In the hydrogenation of olefinic, diolefinic or acetylene-containing hydrocarbon fractions, progressive poisoning and deactivation of this catalyst occurs due to the deposition of impurities or the formation of polymers on the catalyst, which leads to relatively short catalyst service lives. This is particularly true for the selective hydrogenation of diolefinic cracked gasoline fractions, which occur, for example, in the production of ethylene by cracking naphtha, gas oils, etc.
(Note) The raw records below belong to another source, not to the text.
(* Let $M=(\mathbf{K}^{\mathbf{n}},\rho)$ be a sum-matroid of rank $k=\rho(\mathbf{K}^{\mathbf{n}})$, let $M^*=(\mathbf{K}^{\mathbf{n}},\rho^* )$ be its dual, and let $n=n_1+\cdots+n_\ell$. Let $d_i=d^S_i(M)$ for $i=1,\dots,n-k$ and $d_j^\perp=d^S_j(M^* )$ for $j=1,\dots,k$. Then $$\{1,2,\dots,n\}=\{d_1^\perp,\dots,d_k^\perp\}\cup\{n+1-d_1,\dots,n+1-d_{n-k}\},$$ and the union is disjoint. In particular, the generalized weights of $M$ uniquely determine those of $M^*$.
   Context: $\ell,n_1,\dots,n_\ell$ positive integers, $K_1,\dots,K_\ell$ finite fields. $\mathcal{P}(\mathbf{K}^{\mathbf{n}})=\mathcal{P}(K_1^{n_1})\times\cdots\times\mathcal{P}(K_\ell^{n_\ell})$, $\mathcal{P}(K_i^{n_i})$ the lattice of $K_i$-subspaces of $K_i^{n_i}$, with componentwise inclusion, sum, intersection, and orthogonal complement $\mathcal{L}^\perp$ (w.r.t. the standard bilinear form on each $K_i^{n_i}$); $\mathrm{Rk}(\mathcal{L})=\sum_i\dim_{K_i}\mathcal{L}_i$; $\mathbf{K}^{\mathbf{n}}=(K_1^{n_1},\dots,K_\ell^{n_\ell})$. A sum-matroid is $(\mathbf{K}^{\mathbf{n}},\rho)$ with $\rho:\mathcal{P}(\mathbf{K}^{\mathbf{n}})\to\mathbb{Z}_{\ge0}$ satisfying (R1) $0\le\rho(\mathcal{L})\le\mathrm{Rk}(\mathcal{L})$; (R2) $\mathcal{L}\subseteq\mathcal{L}'\Rightarrow\rho(\mathcal{L})\le\rho(\mathcal{L}')$; (R3) $\rho(\mathcal{L}+\mathcal{L}')+\rho(\mathcal{L}\cap\mathcal{L}')\le\rho(\mathcal{L})+\rho(\mathcal{L}')$. The dual $M^*$ has rank function $\rho^*(\mathcal{L})=\rho(\mathcal{L}^\perp)+\mathrm{Rk}(\mathcal{L})-\rho(\mathbf{K}^{\mathbf{n}})$. For a sum-matroid with rank function $\rho$, nullity is $\eta(\mathcal{L})=\mathrm{Rk}(\mathcal{L})-\rho(\mathcal{L})$, and the $i$-th generalized weight is $d^S_i=\min\{\mathrm{Rk}(\mathcal{L}):\mathcal{L}\in\mathcal{P}(\mathbf{K}^{\mathbf{n}}),\ \eta(\mathcal{L})=i\}$ for $i=1,\dots,\eta(\mathbf{K}^{\mathbf{n}})$. *)

theory Defs
  imports "HOL-Algebra.Ring"
begin
lemma bracket_X_theta:
  assumes ext: "poisson_laurent_ext \<iota> PB \<alpha> \<delta> P" and \<alpha>: "derivation \<iota> \<alpha>" and "s \<noteq> 0"
    and comm: "\<And>b. \<alpha> (\<delta> b) = \<delta> (\<alpha> b + \<iota> s * b)"
  shows "P fls_X (theta \<iota> \<delta> s b) = theta \<iota> \<delta> s (\<alpha> b) * fls_X"
proof -
  obtain N where N: "(\<delta> ^^ N) b = 0"
    using funpow_delta_eventually_0 by blast
  then have \<alpha>N: "(\<delta> ^^ N) (\<alpha> b) = 0"
    using funpow_delta_commute[OF comm, of N b] derivation_add[OF \<alpha>, of 0 0] by simp
  have "P fls_X (theta \<iota> \<delta> s b) = (\<Sum>n<N. P fls_X (theta_term \<iota> \<delta> s b n))"
    unfolding theta_eq_theta_trunc[OF N] theta_trunc_def
    by (rule poisson_laurent_ext_X_sum[OF ext theta_term_in_laurent_polys])
  also have "\<dots> = theta_trunc \<iota> \<delta> s N (\<alpha> b) * fls_X
      + (theta_shift_part \<iota> \<delta> s b 0 - theta_shift_part \<iota> \<delta> s b N)"
    by (simp add: bracket_X_theta_term[OF assms] sum.distrib sum_lessThan_telescope'
        theta_trunc_def sum_distrib_right)
  also have "theta_shift_part \<iota> \<delta> s b 0 - theta_shift_part \<iota> \<delta> s b N = 0"
    using ring_hom by (simp add: theta_shift_part_def N ring_hom_map_0)
  finally show ?thesis
    by (simp add: theta_eq_theta_trunc[OF \<alpha>N])
qed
Various processes for the selective hydrogenation of these cracked gasoline fractions and their pretreatment before use in this partial hydrogenation are known (Asinger, the Petrolchemical Industry, Akademie-Verlag Berlin, p. 618 ffl. These include thermal pretreatments, separation of polymers by distillation, washing of polymers from the hydrogenation catalyst by using trickle phases or liquid phase hydrogenations, partially hydrogenated hydrocarbon streams being recycled, the general improvement of the hydrogenation catalytic converters.These processes achieve catalyst service lives of a few months to a year and only occasionally even longer, but this requires a relatively high amount of pretreatment , for example a high energy expenditure in the separation of polymers by distillation and a high investment expenditure in the return of hydrogenated product streams.

The hydrogenation of acetylene-containing or also olefinic hydrocarbons also leads, through the formation of polymers and the impurities contained, to the coating of the catalyst surface or to the poisoning of the catalyst and thus to unsatisfactory catalyst service lives. For example, in the hydrogenation of the dimers and oligomers of the C ₃ and C ₄ olefin oligomerization, only catalyst service lives of a few months are achieved.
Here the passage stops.